3. The method for generating a variational autoregressive dialogue based on joint hidden variables according to claim 2, wherein in step S1, the current round of dialogue context C is given ^t And knowledge sentence set K ^t Obtaining corresponding word-level feature representation using BERT model coding to obtain word-level representation vectors of conversational contextAnd average pooled sentence-level representation vector +.>For knowledge sentence set K ^t Any sentence K in (1) ^t,l Word-level and sentence-level representation vectors are also obtained>And->Knowledge sentence collectionK ^t The sentence-level representation of the whole is noted +.>L is the knowledge sentence set size, and d represents the hidden state dimension.

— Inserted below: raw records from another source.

(* In the continuous Donation Game, let $0\le\gamma\le b(K)-c(K)$, suppose $\lambda\ge c(K)/b(K)$, and let $p_0\in[0,1]$ satisfy $$\frac{\gamma-\lambda b(K)+c(K)}{(1-\lambda)b(K)}\le p_0\le\frac{\gamma}{(1-\lambda)b(K)}.$$ Define, for $x\in\{0,K\}$ and $y\in[0,K]$, $p(x,y)=\frac{1}{\lambda}\left(\frac{c(y)+\gamma}{b(K)}-(1-\lambda)p_0\right)$. Then $p(x,y)\in[0,1]$, and the memory-one strategy for $X$ with $\sigma_X^0=(1-p_0)\delta_0+p_0\delta_K$ and $\sigma_X[x,y]=(1-p(x,y))\delta_0+p(x,y)\delta_K$ enforces $\pi_Y=\gamma$ against every behavioral strategy of $Y$.
   Context: Continuous Donation Game: fix $K>0$ and measurable nondecreasing functions $b,c:[0,K]\to\mathbb{R}$ with $b(0)=c(0)=0$ and $b(s)>c(s)$ for $s>0$. Action spaces $S_X=S_Y=[0,K]$, payoffs $u_X(x,y)=b(y)-c(x)$, $u_Y(x,y)=b(x)-c(y)$, discount factor $\lambda\in(0,1)$. Repeated-game framework: histories $\mathcal{H}=\bigsqcup_T(S_X\times S_Y)^T$; a behavioral strategy is a Markov kernel from histories to the player's action space; a memory-one strategy for $X$ consists of an initial probability measure $\sigma_X^0$ and a Markov kernel $\sigma_X[x,y]$ applied to the previous action pair. The strategies generate, via $\mu_0=\sigma_X[\varnothing]\otimes\sigma_Y[\varnothing]$ and $\mu_t(E'\times E)=\int_{E'}(\sigma_X[h]\otimes\sigma_Y[h])(E)\,d\mu_{t-1}(h)$, the laws $\nu_t(E)=\mu_t(\mathcal{H}^t\times E)$ of the action pair at time $t$, and $\pi_X=(1-\lambda)\sum_t\lambda^t\int u_X\,d\nu_t$, $\pi_Y=(1-\lambda)\sum_t\lambda^t\int u_Y\,d\nu_t$. $\delta_s$ is the Dirac measure at $s$. *)

theory Defs
  imports "HOL-Probability.Probability"
begin

definition actS :: "real \<Rightarrow> real measure" where
  "actS K = restrict_space borel {0..K}"

definition pairS :: "real \<Rightarrow> (real \<times> real) measure" where
  "pairS K = actS K \<Otimes>\<^sub>M actS K"

text \<open>Histories of length T: (S_X x S_Y)^T, indices 0..T-1.  The full history space is the
  disjoint union over T, so a Markov kernel on it is the same as a family of Markov kernels
  indexed by the length T.\<close>
definition histS :: "real \<Rightarrow> nat \<Rightarrow> (nat \<Rightarrow> real \<times> real) measure" where
  "histS K T = PiM {..<T} (\<lambda>_. pairS K)"

definition behavioral :: "real \<Rightarrow> (nat \<Rightarrow> (nat \<Rightarrow> real \<times> real) \<Rightarrow> real measure) \<Rightarrow> bool" where
  "behavioral K \<sigma> \<longleftrightarrow> (\<forall>T. \<sigma> T \<in> histS K T \<rightarrow>\<^sub>M prob_algebra (actS K))"

definition memory_one :: "real measure \<Rightarrow> (real \<Rightarrow> real \<Rightarrow> real measure)
    \<Rightarrow> nat \<Rightarrow> (nat \<Rightarrow> real \<times> real) \<Rightarrow> real measure" where
  "memory_one \<sigma>0 \<sigma> T h = (if T = 0 then \<sigma>0 else \<sigma> (fst (h (T - 1))) (snd (h (T - 1))))"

4. The method for generating a variational autoregressive dialogue based on a joint hidden variable according to claim 2, wherein the step S2 comprises:

s2.1, calculating knowledge selection hidden variablesPosterior distribution of (c): splicing representation vectors of dialog contexts and selected knowledge, i.e.And sentence-level representation->Performing dot product attention calculation, and obtaining posterior hidden variable representation ++through softmax normalization layer>

S2.2, calculating knowledge selection hidden variablesIs a priori distributed of (a); using predicted reply sentence information to supplement a priori information of knowledge selection, dialog context and sentence level representation +. >Dot product attention calculation is performed, i.e. +.> Representing the knowledge sentence set fusion feature representation perceived above the dialog, attn represents the method of computing attention;

S2.3 selecting hidden variables from knowledgeSampling a priori hidden variables in a priori distribution of (1) to select a knowledge sentence K ^t,sel : namely, sampling from prior hidden variables, wherein the prior hidden variables obey category distribution, and the ++>And then will beThe corresponding knowledge sentence is sent to a variational autoregressive decoder module, namely, a probability density function is obeyed; reconstruction loss of knowledge selection task in knowledge selection module is +.>Wherein K is ^t,a Representing tag knowledge, i.e.)>

5. The method for generating a variational autoregressive dialogue based on a joint hidden variable according to claim 2, wherein the step S3 comprises:

s3.2, modeling prior distribution of hidden variables of the recovery sequence; the method comprises training and testing stages, and the prior distribution parameters of hidden variables of the recovery sequence are obtained through variational layers: mean and variance vectors, respectivelyAnd->Sampling by a re-parameterization technology to obtain a priori hidden variable of the time step n>The reply sequence before time step n is denoted as Y ^t,＜n Meanwhile, the following formula is abbreviated as +.> Recovery sequence hidden variable representing time step n-sampling a priori distribution>

S3.3, fusing a recovery sequence hidden variable in the variable hierarchy with a decoding hidden state of the priori path; combining decoding hidden states in a priori paths with selected recovery sequence hidden variables Further fusion to obtain a representation vector S ¹ The selected hidden variables of the recovery sequence are the hidden variables of the recovery sequence of posterior and priori respectively in the training and testing stage; then, the hidden state vector sent into the decoding layer is +.>

6. An electronic device comprising a memory, a processor and a computer program stored on the memory and executable on the processor, characterized in that the processor implements the steps of the joint hidden variable based variational autoregressive dialog generation method of any of claims 2 to 5 when the program is executed by the processor.

7. A computer readable storage medium having stored thereon a computer program, which when executed by a processor performs the steps of the joint hidden variable based variational autoregressive dialogue generating method as defined in any one of claims 2 to 5.